=== Begin Enclosure ===
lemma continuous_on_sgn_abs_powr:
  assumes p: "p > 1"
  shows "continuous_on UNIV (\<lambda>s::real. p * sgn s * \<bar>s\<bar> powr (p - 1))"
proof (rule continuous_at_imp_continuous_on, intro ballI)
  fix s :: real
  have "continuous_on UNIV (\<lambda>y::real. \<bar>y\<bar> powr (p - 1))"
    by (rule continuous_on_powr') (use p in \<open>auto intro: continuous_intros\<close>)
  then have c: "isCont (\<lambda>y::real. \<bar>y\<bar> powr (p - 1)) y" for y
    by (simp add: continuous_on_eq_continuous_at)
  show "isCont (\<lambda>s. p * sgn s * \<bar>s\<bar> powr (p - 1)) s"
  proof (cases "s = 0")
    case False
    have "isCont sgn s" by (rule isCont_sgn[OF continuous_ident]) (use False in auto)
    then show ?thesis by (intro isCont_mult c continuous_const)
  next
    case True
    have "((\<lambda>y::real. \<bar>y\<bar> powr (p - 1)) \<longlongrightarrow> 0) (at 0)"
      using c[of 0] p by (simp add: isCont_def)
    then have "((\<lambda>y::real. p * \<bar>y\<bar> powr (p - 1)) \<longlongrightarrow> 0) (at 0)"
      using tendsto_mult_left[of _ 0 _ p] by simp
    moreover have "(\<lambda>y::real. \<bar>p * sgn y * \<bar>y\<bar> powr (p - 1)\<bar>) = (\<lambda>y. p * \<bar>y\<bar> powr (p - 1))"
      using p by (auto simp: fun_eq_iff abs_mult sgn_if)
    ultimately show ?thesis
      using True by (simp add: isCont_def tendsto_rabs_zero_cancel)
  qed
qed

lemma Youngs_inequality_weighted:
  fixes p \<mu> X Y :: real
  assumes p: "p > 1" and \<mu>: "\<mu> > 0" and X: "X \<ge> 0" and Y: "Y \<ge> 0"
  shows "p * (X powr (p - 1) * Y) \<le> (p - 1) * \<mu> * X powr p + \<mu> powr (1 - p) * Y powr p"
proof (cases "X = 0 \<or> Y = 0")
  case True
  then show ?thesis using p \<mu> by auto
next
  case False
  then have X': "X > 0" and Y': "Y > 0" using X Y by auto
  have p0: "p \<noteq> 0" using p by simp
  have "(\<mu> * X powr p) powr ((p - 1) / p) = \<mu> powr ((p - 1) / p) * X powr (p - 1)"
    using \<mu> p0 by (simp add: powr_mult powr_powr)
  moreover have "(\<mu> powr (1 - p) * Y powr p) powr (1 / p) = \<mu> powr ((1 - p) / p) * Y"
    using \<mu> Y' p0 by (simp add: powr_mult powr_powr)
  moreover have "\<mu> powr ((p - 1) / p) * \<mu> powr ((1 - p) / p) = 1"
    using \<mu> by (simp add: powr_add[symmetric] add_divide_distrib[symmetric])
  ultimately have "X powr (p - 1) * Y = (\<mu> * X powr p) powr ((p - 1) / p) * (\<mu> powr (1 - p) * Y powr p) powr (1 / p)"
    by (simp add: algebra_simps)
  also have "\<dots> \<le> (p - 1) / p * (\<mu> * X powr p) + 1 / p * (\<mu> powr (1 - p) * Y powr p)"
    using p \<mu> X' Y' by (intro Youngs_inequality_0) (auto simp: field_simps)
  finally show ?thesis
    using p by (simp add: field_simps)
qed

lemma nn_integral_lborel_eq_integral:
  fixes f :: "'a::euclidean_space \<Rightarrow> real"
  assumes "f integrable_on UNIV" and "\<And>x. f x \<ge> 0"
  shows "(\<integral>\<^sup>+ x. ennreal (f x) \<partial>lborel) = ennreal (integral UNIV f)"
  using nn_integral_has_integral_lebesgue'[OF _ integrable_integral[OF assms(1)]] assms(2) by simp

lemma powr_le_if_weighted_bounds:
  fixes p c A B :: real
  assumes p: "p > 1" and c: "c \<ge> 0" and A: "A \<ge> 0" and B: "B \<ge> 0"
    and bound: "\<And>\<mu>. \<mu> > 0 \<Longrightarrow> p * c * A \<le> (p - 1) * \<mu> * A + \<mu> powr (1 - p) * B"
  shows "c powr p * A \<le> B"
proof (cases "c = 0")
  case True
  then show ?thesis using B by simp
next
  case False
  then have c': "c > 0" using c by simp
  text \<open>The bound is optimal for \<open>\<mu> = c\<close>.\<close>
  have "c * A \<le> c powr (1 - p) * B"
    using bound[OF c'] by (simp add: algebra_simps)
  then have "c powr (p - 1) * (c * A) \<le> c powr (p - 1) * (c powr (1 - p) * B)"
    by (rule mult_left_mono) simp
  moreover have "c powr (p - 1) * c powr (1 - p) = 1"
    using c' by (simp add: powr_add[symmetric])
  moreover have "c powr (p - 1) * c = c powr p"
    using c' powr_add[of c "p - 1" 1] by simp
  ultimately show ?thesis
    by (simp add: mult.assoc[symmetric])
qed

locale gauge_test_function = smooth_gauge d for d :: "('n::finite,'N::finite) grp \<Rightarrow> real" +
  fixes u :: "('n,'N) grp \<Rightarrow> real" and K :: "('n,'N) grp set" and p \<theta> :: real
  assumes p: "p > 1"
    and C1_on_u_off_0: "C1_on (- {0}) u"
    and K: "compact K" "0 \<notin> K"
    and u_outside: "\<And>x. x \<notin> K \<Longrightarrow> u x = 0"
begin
=== End Enclosure ===
Using the data above, report the number of lines that contain the string "assumes", and only that number.

[SOLUTION TO THE PROBLEM]
5